Instructions for the task:
Every line from the line containing "by (simp add: ptrace2_kron" through the final line of the data is to be printed exactly; no other line is to appear.

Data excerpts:
== Segment start ==

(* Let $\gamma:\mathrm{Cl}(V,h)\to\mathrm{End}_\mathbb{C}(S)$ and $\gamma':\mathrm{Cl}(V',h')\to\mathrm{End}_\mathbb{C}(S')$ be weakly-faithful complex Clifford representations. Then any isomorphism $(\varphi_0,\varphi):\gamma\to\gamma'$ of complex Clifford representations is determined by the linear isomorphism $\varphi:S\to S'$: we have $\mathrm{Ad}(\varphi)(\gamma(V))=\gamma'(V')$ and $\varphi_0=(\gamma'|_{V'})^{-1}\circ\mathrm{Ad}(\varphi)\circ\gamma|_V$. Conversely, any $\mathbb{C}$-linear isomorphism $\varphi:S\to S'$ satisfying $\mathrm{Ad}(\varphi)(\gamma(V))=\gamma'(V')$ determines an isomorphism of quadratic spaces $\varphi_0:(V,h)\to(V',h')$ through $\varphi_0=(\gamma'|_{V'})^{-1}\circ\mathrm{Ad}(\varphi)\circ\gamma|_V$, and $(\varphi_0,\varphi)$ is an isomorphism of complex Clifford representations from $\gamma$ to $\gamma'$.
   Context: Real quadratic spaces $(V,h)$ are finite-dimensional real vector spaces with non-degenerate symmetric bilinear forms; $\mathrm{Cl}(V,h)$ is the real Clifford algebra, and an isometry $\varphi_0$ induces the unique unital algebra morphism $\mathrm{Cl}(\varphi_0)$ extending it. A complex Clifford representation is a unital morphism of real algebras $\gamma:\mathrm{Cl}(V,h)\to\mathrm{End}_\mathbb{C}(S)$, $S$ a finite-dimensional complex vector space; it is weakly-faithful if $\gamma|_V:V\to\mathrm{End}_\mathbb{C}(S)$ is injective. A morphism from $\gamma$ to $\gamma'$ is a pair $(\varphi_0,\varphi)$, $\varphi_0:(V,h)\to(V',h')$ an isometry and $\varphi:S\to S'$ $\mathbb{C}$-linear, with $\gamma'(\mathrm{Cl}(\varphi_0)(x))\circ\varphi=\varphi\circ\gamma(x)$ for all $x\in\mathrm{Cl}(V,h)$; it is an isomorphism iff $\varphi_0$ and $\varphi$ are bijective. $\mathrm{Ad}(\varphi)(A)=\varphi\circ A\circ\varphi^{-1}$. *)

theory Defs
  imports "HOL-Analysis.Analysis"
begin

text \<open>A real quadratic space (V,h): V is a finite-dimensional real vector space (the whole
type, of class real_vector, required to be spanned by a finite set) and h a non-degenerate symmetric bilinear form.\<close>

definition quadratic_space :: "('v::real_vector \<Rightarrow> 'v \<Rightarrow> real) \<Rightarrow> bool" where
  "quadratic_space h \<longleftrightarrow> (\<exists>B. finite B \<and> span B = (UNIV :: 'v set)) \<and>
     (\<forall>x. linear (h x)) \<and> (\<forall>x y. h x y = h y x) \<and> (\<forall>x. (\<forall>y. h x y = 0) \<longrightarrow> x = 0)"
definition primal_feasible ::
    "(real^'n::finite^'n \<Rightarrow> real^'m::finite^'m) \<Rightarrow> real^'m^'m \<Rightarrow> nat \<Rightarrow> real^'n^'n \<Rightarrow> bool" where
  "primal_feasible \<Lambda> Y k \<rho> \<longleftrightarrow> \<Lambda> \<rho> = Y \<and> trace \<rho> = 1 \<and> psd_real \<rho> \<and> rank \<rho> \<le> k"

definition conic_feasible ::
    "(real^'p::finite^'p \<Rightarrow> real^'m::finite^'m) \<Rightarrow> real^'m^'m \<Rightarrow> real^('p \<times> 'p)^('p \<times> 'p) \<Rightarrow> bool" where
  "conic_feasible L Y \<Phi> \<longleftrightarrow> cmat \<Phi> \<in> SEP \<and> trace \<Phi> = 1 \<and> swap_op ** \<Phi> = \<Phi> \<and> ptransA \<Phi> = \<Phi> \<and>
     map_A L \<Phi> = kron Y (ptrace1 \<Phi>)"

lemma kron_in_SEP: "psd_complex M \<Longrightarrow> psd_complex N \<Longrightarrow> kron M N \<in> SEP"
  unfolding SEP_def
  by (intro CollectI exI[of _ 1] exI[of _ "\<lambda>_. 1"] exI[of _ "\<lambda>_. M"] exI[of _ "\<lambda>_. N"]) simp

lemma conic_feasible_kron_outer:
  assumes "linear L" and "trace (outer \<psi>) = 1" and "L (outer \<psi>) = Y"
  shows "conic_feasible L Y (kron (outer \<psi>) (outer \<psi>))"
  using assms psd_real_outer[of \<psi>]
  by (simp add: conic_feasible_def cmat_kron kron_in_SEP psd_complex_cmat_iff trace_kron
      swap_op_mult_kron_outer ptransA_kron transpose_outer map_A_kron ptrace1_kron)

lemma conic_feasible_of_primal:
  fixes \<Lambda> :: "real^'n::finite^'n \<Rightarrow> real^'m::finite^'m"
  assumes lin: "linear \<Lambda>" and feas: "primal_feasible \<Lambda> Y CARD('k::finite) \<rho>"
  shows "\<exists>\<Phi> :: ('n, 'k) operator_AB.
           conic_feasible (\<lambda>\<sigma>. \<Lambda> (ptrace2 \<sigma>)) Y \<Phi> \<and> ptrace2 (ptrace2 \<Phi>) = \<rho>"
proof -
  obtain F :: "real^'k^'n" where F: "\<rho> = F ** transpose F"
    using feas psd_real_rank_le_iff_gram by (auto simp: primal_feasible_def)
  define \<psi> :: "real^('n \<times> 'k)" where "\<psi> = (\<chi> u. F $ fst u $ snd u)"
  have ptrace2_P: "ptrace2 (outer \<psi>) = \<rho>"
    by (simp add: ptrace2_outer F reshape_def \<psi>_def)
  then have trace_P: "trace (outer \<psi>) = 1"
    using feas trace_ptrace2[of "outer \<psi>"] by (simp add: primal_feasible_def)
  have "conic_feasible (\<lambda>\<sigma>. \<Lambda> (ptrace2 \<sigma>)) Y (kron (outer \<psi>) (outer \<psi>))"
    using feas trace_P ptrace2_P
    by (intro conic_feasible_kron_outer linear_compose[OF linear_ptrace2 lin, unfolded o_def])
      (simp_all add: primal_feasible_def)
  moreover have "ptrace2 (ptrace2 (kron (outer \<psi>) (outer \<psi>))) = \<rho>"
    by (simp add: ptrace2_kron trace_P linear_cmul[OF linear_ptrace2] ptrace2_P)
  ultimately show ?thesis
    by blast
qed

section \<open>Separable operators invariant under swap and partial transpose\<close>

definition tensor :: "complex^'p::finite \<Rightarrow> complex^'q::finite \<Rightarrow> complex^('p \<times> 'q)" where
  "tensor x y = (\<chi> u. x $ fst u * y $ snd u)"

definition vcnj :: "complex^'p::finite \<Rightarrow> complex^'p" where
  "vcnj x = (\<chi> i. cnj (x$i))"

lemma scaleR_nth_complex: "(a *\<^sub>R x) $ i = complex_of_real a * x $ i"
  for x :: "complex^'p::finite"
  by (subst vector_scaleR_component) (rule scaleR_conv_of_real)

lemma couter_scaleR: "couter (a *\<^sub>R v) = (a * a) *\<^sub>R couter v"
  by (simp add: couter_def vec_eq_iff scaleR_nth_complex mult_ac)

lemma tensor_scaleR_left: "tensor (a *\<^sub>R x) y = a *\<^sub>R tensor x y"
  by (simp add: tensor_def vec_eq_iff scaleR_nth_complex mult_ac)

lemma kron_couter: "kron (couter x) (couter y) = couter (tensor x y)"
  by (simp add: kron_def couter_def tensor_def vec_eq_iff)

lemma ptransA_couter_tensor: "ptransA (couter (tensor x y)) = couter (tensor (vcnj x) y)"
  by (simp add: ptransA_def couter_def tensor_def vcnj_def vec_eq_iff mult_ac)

== Segment end ==

Response to the exercise:
    by (simp add: ptrace2_kron trace_P linear_cmul[OF linear_ptrace2] ptrace2_P)
  ultimately show ?thesis
    by blast
qed

section \<open>Separable operators invariant under swap and partial transpose\<close>

definition tensor :: "complex^'p::finite \<Rightarrow> complex^'q::finite \<Rightarrow> complex^('p \<times> 'q)" where
  "tensor x y = (\<chi> u. x $ fst u * y $ snd u)"

definition vcnj :: "complex^'p::finite \<Rightarrow> complex^'p" where
  "vcnj x = (\<chi> i. cnj (x$i))"

lemma scaleR_nth_complex: "(a *\<^sub>R x) $ i = complex_of_real a * x $ i"
  for x :: "complex^'p::finite"
  by (subst vector_scaleR_component) (rule scaleR_conv_of_real)

lemma couter_scaleR: "couter (a *\<^sub>R v) = (a * a) *\<^sub>R couter v"
  by (simp add: couter_def vec_eq_iff scaleR_nth_complex mult_ac)

lemma tensor_scaleR_left: "tensor (a *\<^sub>R x) y = a *\<^sub>R tensor x y"
  by (simp add: tensor_def vec_eq_iff scaleR_nth_complex mult_ac)

lemma kron_couter: "kron (couter x) (couter y) = couter (tensor x y)"
  by (simp add: kron_def couter_def tensor_def vec_eq_iff)

lemma ptransA_couter_tensor: "ptransA (couter (tensor x y)) = couter (tensor (vcnj x) y)"
  by (simp add: ptransA_def couter_def tensor_def vcnj_def vec_eq_iff mult_ac)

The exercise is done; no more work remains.